6. As soon as آپ have one, a better one is just around the corner.

5. No one but the creator understands the internal logic.

4. Even your smallest mistakes are immediately committed to memory for future reference.

3. The native language used to communicate with other computers is incomprehensible to everyone else.

2. The message "Bad Command یا File Name" is about as informative as

"If آپ don't know why I'm mad at you, then I'm certainly not going to tell you".

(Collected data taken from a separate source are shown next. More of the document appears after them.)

lemma three_subgroup_mem:
  assumes N: "N \<lhd> G" and g: "g \<in> carrier G" and h: "h \<in> carrier G" and x: "x \<in> carrier G"
    and "commutator G (commutator G (inv h) x) (inv g) \<in> N"
    and "commutator G (commutator G (inv x) (inv g)) h \<in> N"
  shows "commutator G (commutator G g h) x \<in> N"
proof -
  interpret N: normal N G by (rule N)
  define u where "u = h \<otimes> commutator G (commutator G (inv h) x) (inv g) \<otimes> inv h"
  define v where "v = x \<otimes> commutator G (commutator G (inv x) (inv g)) h \<otimes> inv x"
  define w where "w = inv g \<otimes> commutator G (commutator G g h) x \<otimes> g"
  have "u \<in> N" "v \<in> N"
    unfolding u_def v_def using assms by (simp_all only: N.inv_op_closed2)
  have "w = inv u \<otimes> inv v"
  proof (rule eq_inv_mult_inv_of_mult3_eq_one)
    show "u \<otimes> w \<otimes> v = \<one>"
      unfolding u_def v_def w_def using g h x by (rule hall_witt_identity)
  qed (use \<open>u \<in> N\<close> \<open>v \<in> N\<close> g h x in \<open>auto simp: w_def\<close>)
  then have "w \<in> N" using \<open>u \<in> N\<close> \<open>v \<in> N\<close> by simp
  with g have "g \<otimes> w \<otimes> inv g \<in> N" by (rule N.inv_op_closed2)
  then show ?thesis using g h x by (simp add: w_def m_assoc mult_inv_cancel_left)
qed

lemma subgroup_commutator_left_mem:
  assumes N: "N \<lhd> G" and x: "x \<in> carrier G"
  shows "subgroup {y \<in> carrier G. commutator G y x \<in> N} G"
proof -
  interpret N: normal N G by (rule N)
  show ?thesis
  proof (rule subgroupI)
    have "commutator G \<one> x = \<one>" using x by (simp add: commutator_def)
    then show "{y \<in> carrier G. commutator G y x \<in> N} \<noteq> {}" by force
  next
    fix y assume "y \<in> {y \<in> carrier G. commutator G y x \<in> N}"
    then have y: "y \<in> carrier G" and "commutator G y x \<in> N" by simp_all
    then have "commutator G x y \<in> N"
      using x N.m_inv_closed inv_commutator by metis
    with y have "inv y \<otimes> commutator G x y \<otimes> y \<in> N" by (rule N.inv_op_closed1)
    then show "inv y \<in> {y \<in> carrier G. commutator G y x \<in> N}"
      using x y by (simp add: commutator_inv_left)
  next
    fix y z assume "y \<in> {y \<in> carrier G. commutator G y x \<in> N}" "z \<in> {y \<in> carrier G. commutator G y x \<in> N}"
    then have y: "y \<in> carrier G" "commutator G y x \<in> N" and z: "z \<in> carrier G" "commutator G z x \<in> N"
      by simp_all
    have "y \<otimes> commutator G z x \<otimes> inv y \<in> N" using y z by (simp only: N.inv_op_closed2)
    then show "y \<otimes> z \<in> {y \<in> carrier G. commutator G y x \<in> N}"
      using x y z by (simp add: commutator_mult_left)
  qed auto
qed

lemma commutator_set_subset_carrier:
  "H \<subseteq> carrier G \<Longrightarrow> commutator_set G H (carrier G) \<subseteq> carrier G"
  by (auto simp: commutator_set_def)

lemma lower_central_series_normal: "lower_central_series G n \<lhd> G"
proof (induction n)
  case 0
  then show ?case by (simp add: normal_invI subgroup_self)
next
  case (Suc n)
  then interpret N: normal "lower_central_series G n" G .
  show ?case
    unfolding lower_central_series.simps(2)
  proof (rule normal_generateI[OF commutator_set_subset_carrier[OF N.subset]])
    fix c g assume "c \<in> commutator_set G (lower_central_series G n) (carrier G)" and g: "g \<in> carrier G"
    then obtain x y where x: "x \<in> lower_central_series G n" and y: "y \<in> carrier G"
      and c: "c = commutator G x y"
      by (auto simp: commutator_set_def)
    have "g \<otimes> x \<otimes> inv g \<in> lower_central_series G n" "g \<otimes> y \<otimes> inv g \<in> carrier G"
      using g x y by (simp_all add: N.inv_op_closed2)
    moreover have "g \<otimes> c \<otimes> inv g = commutator G (g \<otimes> x \<otimes> inv g) (g \<otimes> y \<otimes> inv g)"
      using c g x y N.subset by (auto simp: conj_commutator)
    ultimately show "g \<otimes> c \<otimes> inv g \<in> commutator_set G (lower_central_series G n) (carrier G)"
      unfolding commutator_set_def by blast
  qed
qed

lemma lower_central_series_subgroup: "subgroup (lower_central_series G n) G"
  using lower_central_series_normal by (rule normal_imp_subgroup)

lemma lower_central_series_subset: "lower_central_series G n \<subseteq> carrier G"
  using lower_central_series_subgroup by (rule subgroup.subset)

lemma lower_central_series_inv_closed:
  "x \<in> lower_central_series G n \<Longrightarrow> inv x \<in> lower_central_series G n"
  using lower_central_series_subgroup by (rule subgroup.m_inv_closed)

lemma commutator_mem_lower_central_series_Suc:
  assumes "x \<in> lower_central_series G n" "y \<in> carrier G"
  shows "commutator G x y \<in> lower_central_series G (Suc n)"
  unfolding lower_central_series.simps(2)
  by (rule generate.incl) (use assms in \<open>auto simp: commutator_set_def\<close>)

text \<open>Induction on \<open>j\<close>: the three subgroup lemma handles the generators \<open>[g, h]\<close> of
  \<open>\<gamma>\<^sub>j\<^sub>+\<^sub>1\<close>, and the elements \<open>y\<close> with \<open>[y, x] \<in> \<gamma>\<^sub>i\<^sub>+\<^sub>j\<^sub>+\<^sub>1\<close> form a subgroup.\<close>
theorem commutator_mem_lower_central_series:
  "x \<in> lower_central_series G i \<Longrightarrow> y \<in> lower_central_series G j \<Longrightarrow>
    commutator G x y \<in> lower_central_series G (Suc (i + j))"
proof (induction j arbitrary: i x y)
  case 0
  then show ?case using commutator_mem_lower_central_series_Suc by simp
next
  case (Suc j)
  let ?N = "lower_central_series G (Suc (i + Suc j))"
  have x: "x \<in> carrier G" using Suc.prems(1) lower_central_series_subset by blast
  have gens: "commutator_set G (lower_central_series G j) (carrier G)
      \<subseteq> {y \<in> carrier G. commutator G y x \<in> ?N}"
  proof
    fix c assume "c \<in> commutator_set G (lower_central_series G j) (carrier G)"
    then obtain g h where g: "g \<in> lower_central_series G j" and h: "h \<in> carrier G"
      and c: "c = commutator G g h"
      by (auto simp: commutator_set_def)
    have gG: "g \<in> carrier G" using g lower_central_series_subset by blast
    have "commutator G x (inv h) \<in> lower_central_series G (Suc i)"
      using Suc.prems(1) h by (simp add: commutator_mem_lower_central_series_Suc)
    then have "commutator G (inv h) x \<in> lower_central_series G (Suc i)"
      using lower_central_series_inv_closed x h by (fastforce simp: inv_commutator)
    then have "commutator G (commutator G (inv h) x) (inv g) \<in> ?N"
      using Suc.IH lower_central_series_inv_closed[OF g] by fastforce
    moreover have "commutator G (inv x) (inv g) \<in> lower_central_series G (Suc (i + j))"
      using Suc.IH lower_central_series_inv_closed Suc.prems(1) g by blast
    then have "commutator G (commutator G (inv x) (inv g)) h \<in> ?N"
      using h by (simp add: commutator_mem_lower_central_series_Suc)
    ultimately show "c \<in> {y \<in> carrier G. commutator G y x \<in> ?N}"
      using three_subgroup_mem[OF lower_central_series_normal gG h x] c gG h by simp
  qed
  have "generate G (commutator_set G (lower_central_series G j) (carrier G))
      \<subseteq> {y \<in> carrier G. commutator G y x \<in> ?N}"
    by (rule generate_subgroup_incl[OF gens subgroup_commutator_left_mem[OF lower_central_series_normal x]])
  then have y: "y \<in> carrier G" and yx: "commutator G y x \<in> ?N"
    using Suc.prems(2) by (auto simp: lower_central_series.simps(2))
  from yx have "inv (commutator G y x) \<in> ?N" by (rule lower_central_series_inv_closed)
  then show ?case using x y by (simp add: inv_commutator)
qed

end

section \<open>The free group on two generators\<close>

definition cons_reduced :: "letter \<Rightarrow> letter list \<Rightarrow> letter list" where
  "cons_reduced x r = (case r of [] \<Rightarrow> [x] | y # ys \<Rightarrow> (if y = inv_letter x then ys else x # y # ys))"

lemma reduce_Cons: "reduce (x # xs) = cons_reduced x (reduce xs)"
  by (simp add: cons_reduced_def)

lemma inv_letter_inv_letter [simp]: "inv_letter (inv_letter x) = x"
  by (simp add: inv_letter_def)

lemma inv_letter_neq [simp]: "inv_letter x \<noteq> x" "x \<noteq> inv_letter x"
  by (auto simp: inv_letter_def prod_eq_iff)

fun reduced :: "letter list \<Rightarrow> bool" where
  "reduced [] = True"
| "reduced [x] = True"
| "reduced (x # y # ys) = (y \<noteq> inv_letter x \<and> reduced (y # ys))"

lemma reduced_cons_reduced: "reduced r \<Longrightarrow> reduced (cons_reduced x r)"
  by (cases r rule: reduced.cases) (auto simp: cons_reduced_def)

lemma reduced_reduce: "reduced (reduce w)"
  by (induction w) (auto simp: reduce_Cons reduced_cons_reduced simp del: reduce.simps(2))

lemma reduce_reduced: "reduced w \<Longrightarrow> reduce w = w"
  by (induction w rule: reduced.induct) auto

lemma reduce_eq_iff_reduced: "reduce w = w \<longleftrightarrow> reduced w"
  by (metis reduced_reduce reduce_reduced)

lemma reduce_reduce [simp]: "reduce (reduce w) = reduce w"
  by (simp add: reduce_reduced reduced_reduce)

lemma reduce_append: "reduce (u @ v) = foldr cons_reduced u (reduce v)"
  by (induction u) (auto simp: reduce_Cons simp del: reduce.simps)

lemma cons_reduced_inv_letter: "reduced r \<Longrightarrow> cons_reduced x (cons_reduced (inv_letter x) r) = r"
  by (cases r rule: reduced.cases) (auto simp: cons_reduced_def)

lemma reduced_foldr_cons_reduced: "reduced r \<Longrightarrow> reduced (foldr cons_reduced u r)"
  by (induction u) (auto simp: reduced_cons_reduced)

lemma foldr_cons_reduced_cons_reduced:
  assumes "reduced w" "reduced r"
  shows "foldr cons_reduced (cons_reduced x w) r = cons_reduced x (foldr cons_reduced w r)"
proof (cases w)
  case (Cons y ys)
  show ?thesis
  proof (cases "y = inv_letter x")
    case True
    have "reduced ys" using \<open>reduced w\<close> Cons by (cases ys) auto
    moreover have "cons_reduced x w = ys" using Cons True by (simp add: cons_reduced_def)
    ultimately show ?thesis using Cons True \<open>reduced r\<close>
      by (simp add: cons_reduced_inv_letter reduced_foldr_cons_reduced)
  qed (use Cons in \<open>auto simp: cons_reduced_def\<close>)
qed (auto simp: cons_reduced_def)

lemma foldr_cons_reduced_reduce: "reduced r \<Longrightarrow> foldr cons_reduced (reduce u) r = foldr cons_reduced u r"
  by (induction u)
    (auto simp: reduce_Cons foldr_cons_reduced_cons_reduced reduced_reduce simp del: reduce.simps(2))

lemma reduce_append_reduce_left: "reduce (reduce u @ v) = reduce (u @ v)"
  by (simp add: reduce_append foldr_cons_reduced_reduce reduced_reduce)

lemma reduce_append_reduce_right: "reduce (u @ reduce v) = reduce (u @ v)"
  by (simp add: reduce_append)

definition inverse_word :: "letter list \<Rightarrow> letter list" where
  "inverse_word w = rev (map inv_letter w)"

AND THE NUMBER ONE REASON COMPUTERS ARE FEMALE:

As soon as آپ make a commitment to one, آپ find yourself spending half of your paycheck on accessories for it.
posted by kitkat709477
1.everyone around آپ has an attitude problem
2.your adding chocolate chips to your cheese omelet
3.the dryer has shrunk every last pair of your jeans
4.your husband/boyfriend is suddenly agreeing to everything آپ say
5.your using your cellphone to dial up every bumpersticker that says "hows my driving call 1-800-***-dating"
6.everyone head looks like an invitation to batting practice
7.you're convinced theres a god and he's male
8.you're counting down the days till menopause
9.you're sure everyone is scheming to dive آپ crazy
10.the ibuprofen bottle is empty and آپ just bought it yesterday
11.you just want to مککا, عجیب الخلقت someone without a reason
12.if آپ start wondering if pms is excuse to get away with murder
13.if آپ were to busy thinking about ways to kill the last person who got on your nerves to realize I was only supposed to give آپ 10

a little starotype but funny
*i didn't write this,just so آپ know*
posted by HNismyfriend
Barbara Walters was doing a documentary on the customs of American Indians. While touring a reservation during the documentary she was puzzled as to why the difference in the number of feathers in the headdresses. So she asked a brave who only had one feather in his headdress, and his reply was: "Only have one woman: one woman, one feather."

Feeling the first fellow was only joking, she asked another brave. This brave had two feathers in his headdress. And he replied: "Me have two women: two women, two feathers."

Still not convinced the feathers indicated the number of sexual partners involved,...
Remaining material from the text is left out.